_Records to process_
━━━━

text \<open>Only the tails of the series are bounded, the first terms are kept exact: the bounds alone
  are too weak near \<open>t = 0\<close>.\<close>
lemma hurwitz_key_ineq:
  assumes "t > 0"
  shows "hurwitz 2 t * hurwitz 3 t + 2 * t * (hurwitz 3 t)\<^sup>2 < 3 * t * hurwitz 2 t * hurwitz 4 t"
proof -
  define u where "u = t + 1"
  have u: "u > 0" using assms by (simp add: u_def)
  define l2 where "l2 = 1 / t ^ 2 + 1 / u + 1 / (2 * u ^ 2)"
  define u2 where "u2 = 1 / t ^ 2 + 1 / u + 1 / (2 * u ^ 2) + 1 / (6 * u ^ 3)"
  define u3 where "u3 = 1 / t ^ 3 + 1 / (2 * u ^ 2) + 1 / (2 * u ^ 3) + 1 / (4 * u ^ 4)"
  define l4 where "l4 = 1 / t ^ 4 + 1 / (3 * u ^ 3) + 1 / (2 * u ^ 4)"
  have shift: "hurwitz n t = 1 / t ^ n + hurwitz n u" if "n \<ge> 2" for n
    using hurwitz_shift[OF assms that] by (simp add: u_def)
  have l2: "l2 \<le> hurwitz 2 t" and u2: "hurwitz 2 t \<le> u2"
    and u3: "hurwitz 3 t \<le> u3" and l4: "l4 \<le> hurwitz 4 t"
    using shift hurwitz_2_lower[OF u] hurwitz_2_upper[OF u] hurwitz_3_upper[OF u] hurwitz_4_lower[OF u]
    by (simp_all add: l2_def u2_def u3_def l4_def)
  have "l2 \<ge> 0" "l4 \<ge> 0" "hurwitz 2 t \<ge> 0" "hurwitz 3 t \<ge> 0"
    using assms u hurwitz_pos[OF assms] by (simp_all add: l2_def l4_def less_imp_le)
  then have "3 * t * (l2 * l4) \<le> 3 * t * (hurwitz 2 t * hurwitz 4 t)"
    using assms l2 l4 by (intro mult_left_mono mult_mono) auto
  moreover have "hurwitz 2 t * hurwitz 3 t \<le> u2 * u3"
    using \<open>hurwitz 2 t \<ge> 0\<close> \<open>hurwitz 3 t \<ge> 0\<close> u2 u3 by (intro mult_mono) auto
  moreover have "2 * t * (hurwitz 3 t)\<^sup>2 \<le> 2 * t * u3\<^sup>2"
    using assms \<open>hurwitz 3 t \<ge> 0\<close> u3 by (intro mult_left_mono power_mono) auto
  moreover have "3 * t * (l2 * l4) - (u2 * u3 + 2 * t * u3\<^sup>2)
      = (68 + 310 * t + 608 * t ^ 2 + 654 * t ^ 3 + 386 * t ^ 4 + 123 * t ^ 5 + 28 * t ^ 6 + 6 * t ^ 7)
        / (24 * t ^ 3 * u ^ 8)"
    unfolding l2_def u2_def u3_def l4_def using assms u_def by (rule hurwitz_bounds_gap)
  moreover have "(68 + 310 * t + 608 * t ^ 2 + 654 * t ^ 3 + 386 * t ^ 4 + 123 * t ^ 5 + 28 * t ^ 6 + 6 * t ^ 7)
        / (24 * t ^ 3 * u ^ 8) > 0"
    using assms u by (intro divide_pos_pos add_pos_pos mult_pos_pos zero_less_power) auto
  ultimately show ?thesis by linarith
qed

section \<open>Monotonicity of trigamma quotients\<close>

lemma Polygamma_1_eq_hurwitz: "Polygamma 1 (t::real) = hurwitz 2 t"
  by (simp add: Polygamma_def hurwitz_def inverse_eq_divide power2_eq_square)

lemma Polygamma_2_eq_hurwitz: "Polygamma 2 (t::real) = - 2 * hurwitz 3 t"
  by (simp add: Polygamma_def hurwitz_def inverse_eq_divide numeral_eq_Suc)

lemma Polygamma_3_eq_hurwitz: "Polygamma 3 (t::real) = 6 * hurwitz 4 t"
  by (simp add: Polygamma_def hurwitz_def inverse_eq_divide numeral_eq_Suc)

lemma Polygamma_1_pos: "(t::real) > 0 \<Longrightarrow> Polygamma 1 t > 0"
  using Polygamma_1_eq_hurwitz hurwitz_pos by simp

lemma Polygamma_2_neg: "(t::real) > 0 \<Longrightarrow> Polygamma 2 t < 0"
  by (simp add: Polygamma_2_eq_hurwitz hurwitz_pos)

lemma has_real_derivative_Polygamma:
  "(t::real) > 0 \<Longrightarrow> (Polygamma n has_real_derivative Polygamma (Suc n) t) (at t)"
  by (rule has_field_derivative_Polygamma) (auto elim!: nonpos_Ints_cases)

lemma x_Polygamma_1_strict_antimono:
  fixes x y :: real
  assumes "0 < x" "x < y"
  shows "y * Polygamma 1 y < x * Polygamma 1 x"
proof (rule DERIV_neg_imp_decreasing[OF \<open>x < y\<close>])
  fix t assume "x \<le> t" "t \<le> y"
  with assms have t: "t > 0" by simp
  have "((\<lambda>t. t * Polygamma 1 t) has_real_derivative t * Polygamma 2 t + Polygamma 1 t) (at t)"
    using DERIV_mult'[OF DERIV_ident has_real_derivative_Polygamma[OF t, of 1]] by (simp add: numeral_2_eq_2)
  moreover have "t * Polygamma 2 t + Polygamma 1 t < 0"
    using hurwitz_2_lt[OF t] Polygamma_1_eq_hurwitz Polygamma_2_eq_hurwitz by simp
  ultimately show "\<exists>d. ((\<lambda>t. t * Polygamma 1 t) has_real_derivative d) (at t) \<and> d < 0" by blast
qed
(* Let $G$ be a digraph and $i\le0\le j$ integers. Then $G$ has polymorphisms witnessing the $\operatorname{SD}(\vee)$ property if and only if $G^{[i,j]}$ has.
   Context: Digraphs are finite and loopless. For $G=(V,E)$, $G^{[i,j]}$ is the digraph on $\{i,\dots,-1\}\cup V\cup\{1,\dots,j\}$ (disjoint union) whose edges are: $u\to w$ for integers $u<w$ in $\{i,\dots,-1,1,\dots,j\}$; the edges of $E$; $u\to v$ for every integer $u<0$ and $v\in V$; $v\to u$ for every $v\in V$ and integer $u>0$. A polymorphism is a map $f:V^k\to V$ with $(f(a_1,\dots,a_k),f(b_1,\dots,b_k))\in E$ whenever all $(a_i,b_i)\in E$. $\operatorname{SD}(\vee)$ means both of: (a) there are a $3$-ary and a $4$-ary weak NU polymorphism $w_1,w_2$ (idempotent, with $w(y,x,\dots,x)=w(x,y,x,\dots,x)=\dots=w(x,\dots,x,y)$) with $w_1(y,x,x)=w_2(y,x,x,x)$; (b) the Hobby–McKenzie property: there are $n\ge0$ and idempotent ternary polymorphisms $d_0,\dots,d_n,p,e_0,\dots,e_n$ with $x=d_0(x,y,z)$, $e_n(x,y,z)=z$; $d_i(x,y,y)=d_{i+1}(x,y,y)$ and $e_i(x,y,y)=e_{i+1}(x,y,y)$ for even $i<n$; $d_i(x,x,y)=d_{i+1}(x,x,y)$ and $e_i(x,x,y)=e_{i+1}(x,x,y)$ for odd $i<n$; $d_n(x,y,y)=p(x,y,y)$ and $p(x,x,y)=e_0(x,x,y)$; $d_i(x,y,x)=d_{i+1}(x,y,x)$ for odd $i<n$ and $e_j(x,y,x)=e_{j+1}(x,y,x)$ for even $j<n$. *)

theory Defs
  imports Main
begin

definition digraph :: "'a set \<Rightarrow> ('a \<times> 'a) set \<Rightarrow> bool" where
  "digraph V E \<longleftrightarrow> finite V \<and> E \<subseteq> V \<times> V \<and> (\<forall>v. (v, v) \<notin> E)"

definition blowup_vertices :: "'a set \<Rightarrow> int \<Rightarrow> int \<Rightarrow> ('a + int) set" where
  "blowup_vertices V i j = Inl ` V \<union> Inr ` ({i..-1} \<union> {1..j})"

definition blowup_edges ::
  "'a set \<Rightarrow> ('a \<times> 'a) set \<Rightarrow> int \<Rightarrow> int \<Rightarrow> (('a + int) \<times> ('a + int)) set" where
  "blowup_edges V E i j =
     {(Inr u, Inr w) | u w. u \<in> {i..-1} \<union> {1..j} \<and> w \<in> {i..-1} \<union> {1..j} \<and> u < w}
   \<union> {(Inl a, Inl b) | a b. (a, b) \<in> E}
   \<union> {(Inr u, Inl v) | u v. u \<in> {i..-1} \<and> v \<in> V}
   \<union> {(Inl v, Inr u) | v u. v \<in> V \<and> u \<in> {1..j}}"

definition pol3 :: "'a set \<Rightarrow> ('a \<times> 'a) set \<Rightarrow> ('a \<Rightarrow> 'a \<Rightarrow> 'a \<Rightarrow> 'a) \<Rightarrow> bool" where
  "pol3 V E f \<longleftrightarrow>
     (\<forall>a1\<in>V. \<forall>a2\<in>V. \<forall>a3\<in>V. f a1 a2 a3 \<in> V) \<and>
     (\<forall>a1 a2 a3 b1 b2 b3. (a1, b1) \<in> E \<and> (a2, b2) \<in> E \<and> (a3, b3) \<in> E
        \<longrightarrow> (f a1 a2 a3, f b1 b2 b3) \<in> E)"

definition pol4 :: "'a set \<Rightarrow> ('a \<times> 'a) set \<Rightarrow> ('a \<Rightarrow> 'a \<Rightarrow> 'a \<Rightarrow> 'a \<Rightarrow> 'a) \<Rightarrow> bool" where
  "pol4 V E f \<longleftrightarrow>
     (\<forall>a1\<in>V. \<forall>a2\<in>V. \<forall>a3\<in>V. \<forall>a4\<in>V. f a1 a2 a3 a4 \<in> V) \<and>
     (\<forall>a1 a2 a3 a4 b1 b2 b3 b4. (a1, b1) \<in> E \<and> (a2, b2) \<in> E \<and> (a3, b3) \<in> E \<and> (a4, b4) \<in> E
        \<longrightarrow> (f a1 a2 a3 a4, f b1 b2 b3 b4) \<in> E)"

━━━━

Check the listing for the word "longleftrightarrow". Show each line that has it.

  "digraph V E \<longleftrightarrow> finite V \<and> E \<subseteq> V \<times> V \<and> (\<forall>v. (v, v) \<notin> E)"
  "pol3 V E f \<longleftrightarrow>
  "pol4 V E f \<longleftrightarrow>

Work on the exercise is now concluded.